/---
(* Let $a_0\in[\lambda,1]$ with $\lambda>0$, and let $v$ solve $\partial_tv-a_0\partial_x^2v=f$ on $(-1,0)\times\mathbb{R}$. There is a constant $C$ depending only on $\lambda$ such that $$\sup_{(t,x)\in(-1,0)\times\mathbb{R}}(t+1)^{1/2}\eta(x)v^2(t,x)\le C\Big(\int_{-1}^0\int\eta f^2dxdt+\int\eta v^2dx\Big|_{t=-1}\Big).$$
   Context: $\eta(x)=\frac12e^{-|x|}$. Solutions are assumed sufficiently regular and decaying. *)

theory Defs
  imports "HOL-Analysis.Analysis"
begin

definition eta :: "real \<Rightarrow> real" where
  "eta x = exp (- \<bar>x\<bar>) / 2"

end

theory Submission
  imports Defs "HOL-Probability.Distributions" "HOL-Real_Asymp.Real_Asymp"
begin
(* If $b$ is locally bounded, then $C_c^2([0,\infty)\times\mathbb R^d)\subset D_b(\mathcal L)$ (restricting functions to $E$) and $\overline Lf=\mathcal Lf$ on $E$ for every $f\in C_c^2([0,\infty)\times\mathbb R^d)$.
   Context: $d\ge1$; Borel $a=(a_{ij})$ and $b$ on $[0,\infty)\times\mathbb R^d$, $a$ symmetric nonnegative definite and, for all $N,r>0$, uniformly elliptic and bounded on $[0,N)\times B(0,r)$ (i.e. $C^{-1}\|\xi\|^2\le\langle a\xi,\xi\rangle\le C\|\xi\|^2$ there); $L_tf=\sum_ib_i\partial_{x_i}f+\frac12\sum_{i,j}a_{ij}\partial_{x_i}\partial_{x_j}f$, $\overline Lf=\partial_tf+L_tf$. $E\in\mathcal B([0,\infty)\times\mathbb R^d)$ and $X$ is a conservative right process on $E$ with transition function $(P_t)$ and resolvent $(U_\alpha)$, with a.s. continuous paths, such that for every $(s,x)\in E$ and $f\in C_c^2([0,\infty)\times\mathbb R^d)$, $\mathbb E_{s,x}\int_0^t|\overline Lf(X(r))|dr<\infty$ and $f(X(t))-f(X(0))-\int_0^t\overline Lf(X(r))dr$ is a continuous $(\mathcal F(t))$-martingale under $\mathbb P_{s,x}$ (the process constructed in the paper from a reference density under its standing hypotheses). Generator on $b\mathcal B(E)$: $D_b(\mathcal L)=U_\alpha(b\mathcal B(E))$ ($\alpha>0$), $\mathcal Lf=\alpha f-g$ for $f=U_\alpha g$, $g\in b\mathcal B(E)$. *)

theory Defs
  imports "HOL-Analysis.Analysis" "HOL-Probability.Probability"
begin

text \<open>State space: [0,\<infinity>) x R^d is rendered as (a subset of) real \<times> real^'n,
  with 'n a finite index type (d = CARD('n)).\<close>

type_synonym 'n st = "real \<times> (real ^ 'n)"

definition C2 :: "('n::finite st \<Rightarrow> real) \<Rightarrow> bool" where
  "C2 f \<longleftrightarrow> (\<exists>Df D2f.
      (\<forall>z. (f has_derivative Df z) (at z)) \<and>
      (\<forall>z v. ((\<lambda>w. Df w v) has_derivative (\<lambda>u. D2f z u v)) (at z)) \<and>
      (\<forall>u v. continuous_on UNIV (\<lambda>z. D2f z u v)))"

definition C2c :: "('n::finite st \<Rightarrow> real) \<Rightarrow> bool" where
  "C2c f \<longleftrightarrow> C2 f \<and> compact (closure {z. f z \<noteq> 0})"

definition dt :: "('n::finite st \<Rightarrow> real) \<Rightarrow> 'n st \<Rightarrow> real" where
  "dt f z = frechet_derivative f (at z) (1, 0)"

definition dx :: "'n::finite \<Rightarrow> ('n st \<Rightarrow> real) \<Rightarrow> 'n st \<Rightarrow> real" where
  "dx i f z = frechet_derivative f (at z) (0, axis i 1)"

definition Lbar :: "('n::finite st \<Rightarrow> real^'n^'n) \<Rightarrow> ('n st \<Rightarrow> real^'n)
    \<Rightarrow> ('n st \<Rightarrow> real) \<Rightarrow> 'n st \<Rightarrow> real" where
  "Lbar a b f z = dt f z + (\<Sum>i\<in>UNIV. b z $ i * dx i f z)
     + 1/2 * (\<Sum>i\<in>UNIV. \<Sum>j\<in>UNIV. a z $ i $ j * dx i (dx j f) z)"

text \<open>Transition function and resolvent of a process given by laws M z (start at z)
  and coordinate maps X t.\<close>
definition Ptr :: "('n::finite st \<Rightarrow> 'w measure) \<Rightarrow> (real \<Rightarrow> 'w \<Rightarrow> 'n st)
    \<Rightarrow> real \<Rightarrow> ('n st \<Rightarrow> real) \<Rightarrow> 'n st \<Rightarrow> real" where
  "Ptr M X t g z = (\<integral>\<omega>. g (X t \<omega>) \<partial>M z)"

definition Res :: "('n::finite st \<Rightarrow> 'w measure) \<Rightarrow> (real \<Rightarrow> 'w \<Rightarrow> 'n st)
    \<Rightarrow> real \<Rightarrow> ('n st \<Rightarrow> real) \<Rightarrow> 'n st \<Rightarrow> real" where
  "Res M X \<alpha> g z = (LINT t:{0..}|lborel. exp (- \<alpha> * t) * Ptr M X t g z)"

definition bB :: "'n::finite st set \<Rightarrow> ('n st \<Rightarrow> real) set" where
  "bB E = {g. g \<in> borel_measurable (restrict_space borel E) \<and> bounded (g ` E)}"

definition excessive :: "'n::finite st set \<Rightarrow> ('n st \<Rightarrow> 'w measure) \<Rightarrow> (real \<Rightarrow> 'w \<Rightarrow> 'n st)
    \<Rightarrow> real \<Rightarrow> ('n st \<Rightarrow> ennreal) \<Rightarrow> bool" where
  "excessive E M X \<alpha> h \<longleftrightarrow> h \<in> borel_measurable (restrict_space borel E) \<and>
     (\<forall>t\<ge>0. \<forall>z\<in>E. ennreal (exp (- \<alpha> * t)) * (\<integral>\<^sup>+\<omega>. h (X t \<omega>) \<partial>M z) \<le> h z) \<and>
     (\<forall>z\<in>E. ((\<lambda>t. ennreal (exp (- \<alpha> * t)) * (\<integral>\<^sup>+\<omega>. h (X t \<omega>) \<partial>M z)) \<longlongrightarrow> h z) (at_right 0))"
theorem lemma4p5:
  fixes th :: real and k i i' :: nat
  assumes "0 < th" "th < 1" "th \<notin> \<rat>"
    and "k \<in> Lambda_set th"
    and "1 \<le> i" "i \<le> cf_q th k" "1 \<le> i'" "i' \<le> cf_q th k" "i \<noteq> i'"
  shows "\<forall>x \<in> I_int th k i. \<forall>y \<in> I_int th k i'.
           dnint (x - y) \<ge> dnint (real (cf_q th (k - 1)) * th) / 7"
proof (intro ballI)
  fix x y assume "x \<in> I_int th k i" "y \<in> I_int th k i'"
  then obtain s t where st: "s \<in> I_offsets th k" "t \<in> I_offsets th k"
    and xy: "x - y = of_int (int i - int i') * th + (s - t)"
    unfolding I_int_def by (force simp: algebra_simps)
  obtain m where k: "k = Suc m" using assms(5-9) by (cases k) auto
  have "\<bar>s - t\<bar> < L_len th k + R_len th k"
    using st unfolding I_offsets_def by (auto split: if_splits)
  moreover have "cf_dist th m \<le> dnint (of_int (int i - int i') * th)"
    using cf_dist_le_dnint_mult[OF assms(1-3), of "int i - int i'" m] assms(5-9) k by auto
  moreover have "\<dots> \<le> dnint (x - y) + \<bar>s - t\<bar>"
    using dnint_le_dnint_add_dist[of "of_int (int i - int i') * th" "x - y"] unfolding xy by simp
  moreover have "7 * (L_len th k + R_len th k) \<le> 6 * cf_dist th m"
    using L_len_plus_R_len_le[OF assms(1-3)] assms(4) k by simp
  moreover have "dnint (real (cf_q th (k - 1)) * th) \<le> cf_dist th m"
    using dnint_le_cf_dist[OF assms(1-3)] k by simp
  ultimately show "dnint (x - y) \<ge> dnint (real (cf_q th (k - 1)) * th) / 7"
    by (simp add: distrib_left)
qed

end
lemma jfrac_tendsto:
  fixes b0 b a :: "'a::field" and T B :: "'a fps"
  assumes T: "T * (1 - fps_const b * fps_X - fps_const a * fps_X ^ 2 * T) = 1"
    and B: "B * (1 - fps_const b0 * fps_X - fps_const a * fps_X ^ 2 * T) = 1"
  shows "(\<lambda>N. jfrac (\<lambda>i. if i = 0 then b0 else b) (\<lambda>i. a) 0 N) \<longlonglongrightarrow> B"
proof -
  let ?J = "jfrac (\<lambda>i. if i = 0 then b0 else b) (\<lambda>i. a)"
  have T_eq: "T = inverse (1 - fps_const b * fps_X - fps_const a * fps_X ^ 2 * T)"
    using fps_inverse_unique T by (metis mult.commute)
  have B_eq: "B = inverse (1 - fps_const b0 * fps_X - fps_const a * fps_X ^ 2 * T)"
    using fps_inverse_unique B by (metis mult.commute)
  have tail: "fps_X ^ N dvd ?J i N - T" if "i > 0" for i N
    using that
  proof (induction N arbitrary: i)
    case (Suc N)
    have "fps_X ^ Suc N dvd inverse (1 - fps_const b * fps_X - fps_const a * fps_X ^ 2 * ?J (Suc i) N)
        - inverse (1 - fps_const b * fps_X - fps_const a * fps_X ^ 2 * T)"
      using Suc.IH by (intro X_power_dvd_inverse_jacobi_diff) simp
    with Suc.prems show ?case
      by (subst T_eq) simp
  qed simp
  have approx: "fps_X ^ Suc N dvd ?J 0 (Suc N) - B" for N
    by (subst B_eq) (simp add: X_power_dvd_inverse_jacobi_diff tail del: power_Suc)
  show ?thesis
  proof (rule tendsto_fpsI)
    fix n
    have "?J 0 N $ n = B $ n" if "N \<ge> Suc n" for N
    proof -
      obtain M where "N = Suc M" "n \<le> M" using \<open>N \<ge> Suc n\<close> by (cases N) auto
      then have "fps_X ^ Suc n dvd ?J 0 N - B"
        using approx[of M] le_imp_power_dvd[of "Suc n" "Suc M"] by (auto intro: dvd_trans)
      then show ?thesis by (rule fps_nth_eq_if_X_power_dvd_diff)
    qed
    then show "eventually (\<lambda>N. ?J 0 N $ n = B $ n) sequentially"
      unfolding eventually_sequentially by blast
  qed
qed

section \<open>Riordan arrays\<close>

lemma riordan_eq_0_above_diagonal:
  fixes g f :: "'a::comm_ring_1 fps"
  assumes "f $ 0 = 0" and "n < k"
  shows "riordan g f n k = 0"
  unfolding riordan_def fps_mult_nth
  using startsby_zero_power_prefix[OF assms(1)] assms(2) by (intro sum.neutral) auto

lemma riordan_mult_eq_identity:
  fixes g f G F :: "'a::idom fps"
  assumes f0: "f $ 0 = 0" and F0: "F $ 0 = 0"
    and "F oo f = fps_X" and "g * (G oo f) = 1"
  shows "(\<Sum>j = k..n. riordan g f n j * riordan G F j k) = (if n = k then 1 else 0)"
proof -
  have "(\<Sum>j = k..n. riordan g f n j * riordan G F j k) = (\<Sum>j = 0..n. (g * f ^ j) $ n * (G * F ^ k) $ j)"
    unfolding riordan_def using riordan_eq_0_above_diagonal[OF F0, unfolded riordan_def]
    by (intro sum.mono_neutral_left) auto
  also have "\<dots> = (g * ((G * F ^ k) oo f)) $ n"
    by (rule fps_mult_compose_nth[OF f0, symmetric])
  also have "g * ((G * F ^ k) oo f) = fps_X ^ k"
    using assms by (simp add: fps_compose_mult_distrib flip: fps_compose_power mult.assoc)
  finally show ?thesis by simp
qed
\---
— Prompt —
Quote exactly the opening line of the material above and every line after it, up to and including the line that contains "(* If $b$ is".

— Final answer —
(* Let $a_0\in[\lambda,1]$ with $\lambda>0$, and let $v$ solve $\partial_tv-a_0\partial_x^2v=f$ on $(-1,0)\times\mathbb{R}$. There is a constant $C$ depending only on $\lambda$ such that $$\sup_{(t,x)\in(-1,0)\times\mathbb{R}}(t+1)^{1/2}\eta(x)v^2(t,x)\le C\Big(\int_{-1}^0\int\eta f^2dxdt+\int\eta v^2dx\Big|_{t=-1}\Big).$$
   Context: $\eta(x)=\frac12e^{-|x|}$. Solutions are assumed sufficiently regular and decaying. *)

theory Defs
  imports "HOL-Analysis.Analysis"
begin

definition eta :: "real \<Rightarrow> real" where
  "eta x = exp (- \<bar>x\<bar>) / 2"

end

theory Submission
  imports Defs "HOL-Probability.Distributions" "HOL-Real_Asymp.Real_Asymp"
begin
(* If $b$ is locally bounded, then $C_c^2([0,\infty)\times\mathbb R^d)\subset D_b(\mathcal L)$ (restricting functions to $E$) and $\overline Lf=\mathcal Lf$ on $E$ for every $f\in C_c^2([0,\infty)\times\mathbb R^d)$.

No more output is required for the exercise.